Simple model demonstrating the estimation of occupancy, using latent variables. Suppose
a population of n sites, with some proportion pi being occupied. Each site is surveyed, 
yielding an array of counts, y:

y = [3, 0, 0, 2, 1, 0, 1, 0, ..., ]

This is a classic zero-inflated count problem, where more zeros appear in the data than would
be predicted by a simple Poisson model. We have, in fact, a mixture of models; one, conditional
on occupancy, with a poisson mean of theta, and another, conditional on absence, with mean zero. 
One way to tackle the problem is to model the latent state of 'occupancy' as a Bernoulli variable 
at each site, with some unknown probability:

z_i ~ Bern(pi)

These latent variables can then be used to generate an array of Poisson parameters:

t_i = theta (if z_i=1) or 0 (if z_i=0)

Hence, the likelihood is just:

y_i = Poisson(t_i)

(Note in this elementary model, we are ignoring the issue of imperfect detection.)

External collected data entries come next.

lemma mem_Jideal_left_mult_eq_zero:
  assumes s: "s \<in> N" and y: "y \<in> S" and "y \<in> Jideal S (\<cdot>) (s \<cdot> y)"
  shows "y = z"
proof -
  have sS: "s \<in> S"
    using s ideal_subset by auto
  consider "y = s \<cdot> y" | p where "p \<in> S" "y = p \<cdot> s \<cdot> y" | q where "q \<in> S" "y = s \<cdot> y \<cdot> q"
    | p q where "p \<in> S" "q \<in> S" "y = p \<cdot> s \<cdot> y \<cdot> q"
    using assms(3) sS y unfolding mem_Jideal_iff by (auto simp: assoc)
  then show ?thesis
  proof cases
    case 1
    then show ?thesis using left_fixed_by_nil_eq_zero s y by blast
  next
    case (2 p)
    then show ?thesis using left_fixed_by_nil_eq_zero ideal_left[OF _ s] y by blast
  next
    case (3 q)
    then show ?thesis using sandwiched_by_nil_eq_zero s y by blast
  next
    case (4 p q)
    then show ?thesis using sandwiched_by_nil_eq_zero ideal_left[OF _ s] y by blast
  qed
qed

lemma Jclass_disjoint_Jideal_left_mult:
  assumes s: "s \<in> N" and y: "y \<in> Jclass S (\<cdot>) b" and nz: "z \<notin> Jclass S (\<cdot>) b"
  shows "Jclass S (\<cdot>) b \<inter> Jideal S (\<cdot>) (s \<cdot> y) = {}"
proof (rule ccontr)
  assume "Jclass S (\<cdot>) b \<inter> Jideal S (\<cdot>) (s \<cdot> y) \<noteq> {}"
  then obtain y' where y': "y' \<in> Jclass S (\<cdot>) b" "y' \<in> Jideal S (\<cdot>) (s \<cdot> y)"
    by blast
  have yS: "y \<in> S" and sS: "s \<in> S"
    using y s ideal_subset unfolding Jclass_def by auto
  have "y \<in> Jideal S (\<cdot>) y'"
    using y y' Jideal_self unfolding Jclass_def by auto
  also have "\<dots> \<subseteq> Jideal S (\<cdot>) (s \<cdot> y)"
    using Jideal_subset y'(2) closed sS yS by blast
  finally have "y = z"
    using mem_Jideal_left_mult_eq_zero s yS by blast
  with y nz show False
    by blast
qed
(* Let $a>0$, $q\neq0$, $p\in(4,6)$. For every $u\in\mathcal{M}_{a,r}$, $I_a(u)=\max_{t>0}I_a(t^2u(t\,\cdot))$.
   Context: $D^{1,2}(\mathbb{R}^3)=\{u\in L^6(\mathbb{R}^3):|\nabla u|\in L^2(\mathbb{R}^3)\}$. $\mathcal{K}_a(x)=\frac{1-e^{-|x|/a}}{|x|}$, $V(f,g)=\int\int\mathcal{K}_a(x-y)f(x)g(y)\,dx\,dy$, $\mathcal{E}_r$ the set of radial $u\in D^{1,2}(\mathbb{R}^3)$ with $V(u^2,u^2)<\infty$. $I_a(u)=\frac12\|\nabla u\|_2^2+\frac{q^2}{4}V(u^2,u^2)-\frac1p\|u\|_p^p$, $$J_a(u)=\frac32\|\nabla u\|_2^2-\frac{2p-3}{p}\|u\|_p^p+\frac{3q^2}{4}\int_{\mathbb{R}^3}\int_{\mathbb{R}^3}\frac{1-e^{-\frac{|x-y|}{a}}-\frac{|x-y|}{3a}e^{-\frac{|x-y|}{a}}}{|x-y|}u^2(x)u^2(y)\,dx\,dy,$$ and $\mathcal{M}_{a,r}=\{u\in\mathcal{E}_r\setminus\{0\}:J_a(u)=0\}$. *)

theory Defs
  imports "HOL-Analysis.Analysis"
begin

type_synonym R3 = "real ^ 3"

definition test_fun :: "(R3 \<Rightarrow> real) \<Rightarrow> (R3 \<Rightarrow> R3 \<Rightarrow> real) \<Rightarrow> bool" where
  "test_fun \<phi> D \<longleftrightarrow> (\<forall>x. (\<phi> has_derivative D x) (at x))
      \<and> (\<forall>v. continuous_on UNIV (\<lambda>x. D x v))
      \<and> compact (closure {x. \<phi> x \<noteq> 0})"

definition weak_grad :: "(R3 \<Rightarrow> real) \<Rightarrow> (R3 \<Rightarrow> R3) \<Rightarrow> bool" where
  "weak_grad u G \<longleftrightarrow> G \<in> borel_measurable lebesgue \<and>
     (\<forall>\<phi> D. test_fun \<phi> D \<longrightarrow> (\<forall>i.
        integrable lebesgue (\<lambda>x. u x * D x (axis i 1)) \<and>
        integrable lebesgue (\<lambda>x. G x $ i * \<phi> x) \<and>
        (LINT x|lebesgue. u x * D x (axis i 1)) = - (LINT x|lebesgue. G x $ i * \<phi> x)))"

definition D12 :: "(R3 \<Rightarrow> real) set" where
  "D12 = {u. u \<in> borel_measurable lebesgue \<and> integrable lebesgue (\<lambda>x. \<bar>u x\<bar> ^ 6) \<and>
            (\<exists>G. weak_grad u G \<and> integrable lebesgue (\<lambda>x. (norm (G x))\<^sup>2))}"
(* Let $y>0$ and $\mathscr{C}_n(y)=\displaystyle\int_0^y\frac{t\sinh t}{t^2+\pi^2n^2}\,dt$ for $n\in\mathbb{Z}$. Then the discrete Hilbert transform of $(\mathscr{C}_n(y))_{n\in\mathbb{Z}}$, i.e. the sequence $\frac{1}{\pi}\sum_{m\in\mathbb{Z}\setminus\{0\}}\frac{\mathscr{C}_{n-m}(y)}{m}$, is given by \[ \mathscr{D}_n(y)=\frac{1}{\pi n}\Bigl(\sinh y-\frac{y^2\sinh y}{y^2+\pi^2n^2}\Bigr)\quad(n\neq0),\qquad \mathscr{D}_0(y)=0. \] *)

theory Defs
  imports "HOL-Analysis.Analysis"
begin

definition calC :: "int \<Rightarrow> real \<Rightarrow> real" where
  "calC n y = integral {0..y} (\<lambda>t. t * sinh t / (t\<^sup>2 + pi\<^sup>2 * (of_int n)\<^sup>2))"

definition calD :: "int \<Rightarrow> real \<Rightarrow> real" where
  "calD n y = (if n = 0 then 0 else
     (1 / (pi * of_int n)) * (sinh y - y\<^sup>2 * sinh y / (y\<^sup>2 + pi\<^sup>2 * (of_int n)\<^sup>2)))"

end

theory Submission
  imports Defs "HOL-Real_Asymp.Real_Asymp"
begin

(*
  Pair the terms m and -m of the transform. Since C_k(y) is the integral over [0, y] of
  t sinh t L_t(k) with L_t(x) = 1 / (t^2 + pi^2 x^2), the pair contributes the integral of
  t sinh t (L_t(n - m) - L_t(n + m)) / m. A partial fraction identity rewrites this quotient
  through the symmetric sums L_t(n - m) + L_t(n + m) and the same sums for x L_t(x). Summed
  over m >= 1, the former is the Mittag-Leffler expansion of coth t / t (obtained from the
  reflection formula of the digamma function at i t / pi), and the latter telescopes because
  x L_t(x) is odd. The result is pi times the t-derivative of D_n(t) = pi n sinh t L_t(n).
  Uniformly on [0, y] the pair integrands are bounded by a summable sequence, so summation and
  integration commute, and the fundamental theorem of calculus gives D_n(y).
*)

section \<open>The partial fraction expansion of \<open>coth\<close>\<close>

definition lorentzian :: "real \<Rightarrow> real \<Rightarrow> real" where
  "lorentzian t x = 1 / (t\<^sup>2 + pi\<^sup>2 * x\<^sup>2)"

Created by Chris Fonnesbeck on 2008-07-28.
Copyright (c) 2008 University of Otago. All rights reserved.
"""

# Import statements
from numpy import random, array
from pymc import MCMC, Matplot, Beta, Bernoulli, Lambda, Poisson, Uniform, deterministic

# Sample size
n = 100
# True mean count, given occupancy
theta = 2
# True occupancy
pi = 0.4

# Simulate some data data
y = [(random.random()<pi) * random.poisson(theta) for i in range(n)]

# Estimated occupancy
p = Beta('p', 1, 1)

# Latent variable for occupancy
z = Bernoulli('z', p, value=array(y)>0, plot=False)

# Estimated mean count
theta_hat = Uniform('theta_hat', 0, 100, value=3)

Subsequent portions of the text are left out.